(Material supplied Opens)

lemma face_sum_outside:
  assumes x: "x \<notin> P"
  shows "(\<Sum>F\<in>{F. F face_of P \<and> F \<noteq> {}}.
      (-1) ^ nat (aff_dim F) * wchar (tangent_cone P F) (cone_weight P F q) x) = 0"
proof -
  obtain a0 \<beta> where sep: "a0 \<bullet> x < \<beta>" "\<forall>y\<in>P. \<beta> < a0 \<bullet> y"
    using separating_hyperplane_closed_point[OF convex_P closed_P x] by blast
  have "0 < (- a0) \<bullet> (x - v)" if "v \<in> vertices" for v
    using sep(1) sep(2)[rule_format, OF vertex_in_P[OF that]] by (simp add: inner_diff_right)
  then have "\<forall>p\<in>(\<lambda>v. x - v) ` vertices. 0 < (- a0) \<bullet> p" by blast
  then obtain c where c: "generic c" and "\<forall>p\<in>(\<lambda>v. x - v) ` vertices. 0 < c \<bullet> p"
    using generic_exists[OF finite_imageI[OF finite_vertices]] by blast
  then have x_above: "\<forall>v\<in>vertices. 0 < c \<bullet> (x - v)" by blast
  have "(\<Prod>S\<in>descending c v. half_wchar q S x) * (\<Prod>S\<in>descending (- c) v. half_wchar q S x - 1) = 0"
    if v: "v \<in> vertices" for v
  proof (rule ccontr)
    assume "\<not> ?thesis"
    then have nonzero: "\<forall>S\<in>descending c v. half_wchar q S x \<noteq> 0"
      "\<forall>S\<in>descending (- c) v. half_wchar q S x \<noteq> 1"
      using finite_subset[OF descending_subset finite_facets_at] by auto
    have "slack S x * (c \<bullet> edge_dir v S) \<le> 0" if S: "S \<in> facets_at v" for S
    proof (cases "S \<in> descending c v")
      case True
      then have "0 \<le> slack S x" "c \<bullet> edge_dir v S < 0"
        using nonzero(1) slack_nonneg_if_half_wchar_nonzero by (auto simp: descending_def)
      then show ?thesis by (simp add: mult_nonneg_nonpos)
    next
      case False
      then have "S \<in> descending (- c) v" using S descending_Un[OF c v] by blast
      then have "slack S x \<le> 0" "0 < c \<bullet> edge_dir v S"
        using nonzero(2) slack_nonpos_if_half_wchar_ne_one by (auto simp: descending_def)
      then show ?thesis by (simp add: mult_nonpos_nonneg)
    qed
    then have "c \<bullet> x - c \<bullet> v \<le> 0"
      by (simp add: inner_diff_vertex[OF v] sum_nonpos)
    then show False using x_above[rule_format, OF v] by (simp add: inner_diff_right)
  qed
  then show ?thesis unfolding face_sum_by_vertex[OF c] by (intro sum.neutral) blast
qed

(Material supplied Closes)

• Prompt: Would you restate every record word for word?

• Result:
lemma face_sum_outside:
  assumes x: "x \<notin> P"
  shows "(\<Sum>F\<in>{F. F face_of P \<and> F \<noteq> {}}.
      (-1) ^ nat (aff_dim F) * wchar (tangent_cone P F) (cone_weight P F q) x) = 0"
proof -
  obtain a0 \<beta> where sep: "a0 \<bullet> x < \<beta>" "\<forall>y\<in>P. \<beta> < a0 \<bullet> y"
    using separating_hyperplane_closed_point[OF convex_P closed_P x] by blast
  have "0 < (- a0) \<bullet> (x - v)" if "v \<in> vertices" for v
    using sep(1) sep(2)[rule_format, OF vertex_in_P[OF that]] by (simp add: inner_diff_right)
  then have "\<forall>p\<in>(\<lambda>v. x - v) ` vertices. 0 < (- a0) \<bullet> p" by blast
  then obtain c where c: "generic c" and "\<forall>p\<in>(\<lambda>v. x - v) ` vertices. 0 < c \<bullet> p"
    using generic_exists[OF finite_imageI[OF finite_vertices]] by blast
  then have x_above: "\<forall>v\<in>vertices. 0 < c \<bullet> (x - v)" by blast
  have "(\<Prod>S\<in>descending c v. half_wchar q S x) * (\<Prod>S\<in>descending (- c) v. half_wchar q S x - 1) = 0"
    if v: "v \<in> vertices" for v
  proof (rule ccontr)
    assume "\<not> ?thesis"
    then have nonzero: "\<forall>S\<in>descending c v. half_wchar q S x \<noteq> 0"
      "\<forall>S\<in>descending (- c) v. half_wchar q S x \<noteq> 1"
      using finite_subset[OF descending_subset finite_facets_at] by auto
    have "slack S x * (c \<bullet> edge_dir v S) \<le> 0" if S: "S \<in> facets_at v" for S
    proof (cases "S \<in> descending c v")
      case True
      then have "0 \<le> slack S x" "c \<bullet> edge_dir v S < 0"
        using nonzero(1) slack_nonneg_if_half_wchar_nonzero by (auto simp: descending_def)
      then show ?thesis by (simp add: mult_nonneg_nonpos)
    next
      case False
      then have "S \<in> descending (- c) v" using S descending_Un[OF c v] by blast
      then have "slack S x \<le> 0" "0 < c \<bullet> edge_dir v S"
        using nonzero(2) slack_nonpos_if_half_wchar_ne_one by (auto simp: descending_def)
      then show ?thesis by (simp add: mult_nonpos_nonneg)
    qed
    then have "c \<bullet> x - c \<bullet> v \<le> 0"
      by (simp add: inner_diff_vertex[OF v] sum_nonpos)
    then show False using x_above[rule_format, OF v] by (simp add: inner_diff_right)
  qed
  then show ?thesis unfolding face_sum_by_vertex[OF c] by (intro sum.neutral) blast
qed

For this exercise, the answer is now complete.